И знал, что все это бесполезно, что ни одно действие не имеет окончательных последствий, что все лучшее и худшее, каким он мог бы быть, будет забыто; что в белый миг забвения даже тот факт, что он существовал, тот факт, что он оставил мельчайший след в творении, будет забыт. потерян.
Как и все остальное.
Он все еще был с Ниссой. Когда они проходили мимо одного из воздушных шлюзов "Ледокола", молча и без предварительного обмена мнениями, они оба замедлили шаг и посмотрели на шлюз, думая о пустоте за ним, обещании немедленного аннулирования. Он мог бы отбросить свой шлем в сторону, войти в этот шлюз, выпустить воздух и жизнь из своих легких.

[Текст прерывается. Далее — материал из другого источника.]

(* Let $N=(P_N,T_N,F_N,I_N,O_N)$ and $M=(P_M,T_M,F_M,I_M,O_M)$ be pWF nets with disjoint node sets, both sub-sound. Then for every place $p\in P_N$, the net $N\otimes_p M$ is sub-sound.
   Context: Petri nets and markings. A Petri net is a triple $(P,T,F)$ with $P$ a finite set of places, $T$ a finite set of transitions, $P\cap T=\emptyset$, and $F\subseteq (P\times T)\cup(T\times P)$. For a node $x$, $\bullet x=\{y\mid (y,x)\in F\}$, $x\bullet=\{y\mid (x,y)\in F\}$. A marking is a multiset over $P$ (a function $P\to\mathbb N$); sets of places are identified with bags of multiplicity one, $+,-,\le$ are pointwise, and $k.m$ is the sum of $k$ copies of $m$. Transition $t$ is enabled at $m$ iff $\bullet t\le m$, firing gives $m-\bullet t+t\bullet$, and $m\xrightarrow{*}m'$ denotes reachability by a finite (possibly empty) firing sequence. A pWF net is $(P,T,F,I,O)$ with $(P,T,F)$ a Petri net, $I,O\subseteq P$ non-empty (input/output places), every node reachable by a directed path from some node of $I$, and some node of $O$ reachable from every node; input places may have incoming edges and output places outgoing edges. Sub-soundness. A pWF net is sub-sound if for all integers $k\ge k'\ge 0$ and every marking $m'$: if $k.I\xrightarrow{*}m'+k'.O$ then $m'\xrightarrow{*}(k-k').O$. Place substitution. For WF nets $N=(P,T,F,I,O)$ and a pWF net $M=(P',T',F',I',O')$ with disjoint node sets and $p\in P$, $N\otimes_p M$ is obtained from $N$ by deleting $p$ and all edges incident to $p$, adding all nodes and edges of $M$, adding an edge $(t,p')$ for each $t\in\bullet_N p$ and $p'\in I'$, and an edge $(p',t)$ for each $p'\in O'$ and $t\in p\bullet_N$; its input set is $(I\setminus\{p\})\cup I'$ if $p\in I$ and $I$ otherwise, and its output set is $(O\setminus\{p\})\cup O'$ if $p\in O$ and $O$ otherwise. *)

theory Defs
  imports Main "HOL-Library.Multiset"
begin

text \<open>Petri nets with input and output places (pWF candidates).
  Places and transitions live in a common node type 'a, so that
  disjointness of node sets of two nets can be stated.\<close>

record 'a pnet =
  places :: "'a set"
  trans  :: "'a set"
  flow   :: "('a \<times> 'a) set"
  inp    :: "'a set"
  outp   :: "'a set"

definition nodes :: "'a pnet \<Rightarrow> 'a set" where
  "nodes N = places N \<union> trans N"

definition preset :: "'a pnet \<Rightarrow> 'a \<Rightarrow> 'a set" where
  "preset N x = {y. (y, x) \<in> flow N}"

definition postset :: "'a pnet \<Rightarrow> 'a \<Rightarrow> 'a set" where
  "postset N x = {y. (x, y) \<in> flow N}"

definition petri_net :: "'a pnet \<Rightarrow> bool" where
  "petri_net N \<longleftrightarrow> finite (places N) \<and> finite (trans N) \<and>
     places N \<inter> trans N = {} \<and>
     flow N \<subseteq> (places N \<times> trans N) \<union> (trans N \<times> places N)"

definition pWF_net :: "'a pnet \<Rightarrow> bool" where
  "pWF_net N \<longleftrightarrow> petri_net N \<and>
     inp N \<subseteq> places N \<and> outp N \<subseteq> places N \<and>
     inp N \<noteq> {} \<and> outp N \<noteq> {} \<and>
     (\<forall>x \<in> nodes N. \<exists>i \<in> inp N. (i, x) \<in> (flow N)\<^sup>*) \<and>
     (\<forall>x \<in> nodes N. \<exists>q \<in> outp N. (x, q) \<in> (flow N)\<^sup>*)"

text \<open>Markings are multisets of places; a set is identified with the
  multiset of multiplicity one (mset_set).\<close>

definition marking :: "'a pnet \<Rightarrow> 'a multiset \<Rightarrow> bool" where
  "marking N m \<longleftrightarrow> set_mset m \<subseteq> places N"

definition fire :: "'a pnet \<Rightarrow> 'a multiset \<Rightarrow> 'a multiset \<Rightarrow> bool" where
  "fire N m m' \<longleftrightarrow> (\<exists>t \<in> trans N. mset_set (preset N t) \<subseteq># m \<and>
       m' = m - mset_set (preset N t) + mset_set (postset N t))"

definition reach :: "'a pnet \<Rightarrow> 'a multiset \<Rightarrow> 'a multiset \<Rightarrow> bool" where
  "reach N = (fire N)\<^sup>*\<^sup>*"

definition sub_sound :: "'a pnet \<Rightarrow> bool" where
  "sub_sound N \<longleftrightarrow> (\<forall>k k' :: nat. \<forall>m'. k \<ge> k' \<and> marking N m' \<longrightarrow>
     reach N (repeat_mset k (mset_set (inp N))) (m' + repeat_mset k' (mset_set (outp N))) \<longrightarrow>
     reach N m' (repeat_mset (k - k') (mset_set (outp N))))"

definition place_subst :: "'a pnet \<Rightarrow> 'a \<Rightarrow> 'a pnet \<Rightarrow> 'a pnet" where
  "place_subst N p M =
    \<lparr> places = (places N - {p}) \<union> places M,
      trans = trans N \<union> trans M,
      flow = {(x, y). (x, y) \<in> flow N \<and> x \<noteq> p \<and> y \<noteq> p} \<union> flow M
             \<union> {(t, q). t \<in> preset N p \<and> q \<in> inp M}
             \<union> {(q, t). q \<in> outp M \<and> t \<in> postset N p},
      inp = (if p \<in> inp N then (inp N - {p}) \<union> inp M else inp N),
      outp = (if p \<in> outp N then (outp N - {p}) \<union> outp M else outp N) \<rparr>"

end

theory Submission
  imports Defs
begin

(* Write C = N \<otimes>_p M.  The proof relates runs of C to runs of N and M.
   1. General facts on firing: firing is monotone under adding tokens, and a
      net can be simulated by another one along a marking translation.
   2. Two consequences of sub-soundness of a pWF net M: M moves I to O, and
      no run from j.I ever shows more than j copies of O (because leftover
      tokens can never disappear in a pWF net).
   3. Simulations between C and its parts: a token on p in N is simulated in C by a copy of M
      running from I_M to O_M ("lifting"), so runs of N lift to runs of C.
      Conversely every marking m reachable in C from k.I_C decomposes: its
      N-part, with j - l extra tokens on p, is reachable in N from k.I_N, and
      its M-part, plus l.O_M, is reachable in M from j.I_M (j instances of M
      were started, l of them have been consumed by N).
   4. From such a decomposition of m' + k'.O_C, sub-soundness of M empties
      the M-part of m', sub-soundness of N finishes the N-part, and lifting
      glues the two runs into a run of C from m' to (k - k').O_C. *)

section \<open>Firing in arbitrary nets\<close>

lemma fire_frame:
  assumes "fire X u v"
  shows "fire X (u + w) (v + w)"
proof -
  obtain t where t: "t \<in> trans X" "mset_set (preset X t) \<subseteq># u"
    "v = u - mset_set (preset X t) + mset_set (postset X t)"
    using assms unfolding fire_def by blast
  have "mset_set (preset X t) \<subseteq># u + w"
    using t(2) by (simp add: subset_mset.add_increasing2)
  moreover have "v + w = u + w - mset_set (preset X t) + mset_set (postset X t)"
    using t(3) subset_mset.diff_add_assoc2[OF t(2), of w] by (simp add: ac_simps)
  ultimately show ?thesis using t(1) unfolding fire_def by blast
qed

lemma reach_frame: "reach X u v \<Longrightarrow> reach X (u + w) (v + w)"
  unfolding reach_def by (induction rule: rtranclp_induct) (auto dest: fire_frame[of X _ _ w])

lemma reach_trans: "reach X u v \<Longrightarrow> reach X v w \<Longrightarrow> reach X u w"
  unfolding reach_def by simp

lemma reach_simulation:
  assumes "\<And>u v. fire X u v \<Longrightarrow> reach Y (f u) (f v)"
    and "reach X u v"
  shows "reach Y (f u) (f v)"
  using assms(2) unfolding reach_def[of X]
  by (induction rule: rtranclp_induct) (auto simp: reach_def dest: assms(1))

section \<open>Sub-sound pWF nets\<close>

lemma in_mset_setD: "x \<in># mset_set A \<Longrightarrow> x \<in> A"
  by (cases "finite A") auto

lemma in_repeat_msetD: "x \<in># repeat_mset n A \<Longrightarrow> x \<in># A"
  by (metis count_repeat_mset count_eq_zero_iff mult_0_right)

Однажды он уже пытался покончить с собой на "Ледоколе", но эта попытка самоубийства была вызвана отчаянием, он видел в своей смерти единственное, что могло остановить Дакоту и в то же время не подвергать опасности спящих. Он пришел к решению покончить с собой только как к кульминации мрачных расчетов, а не потому, что устал от жизни или искал какого-либо освобождения в смерти. Жизнь не переставала удивлять его; он еще не был готов отказаться от нее без веской причины.
Теперь все было по-другому. Его смерть мало повлияла бы на их шансы и уж точно не улучшила бы их. Точно так же у него не было никакой непосредственной и неотложной внешней причины для самоубийства.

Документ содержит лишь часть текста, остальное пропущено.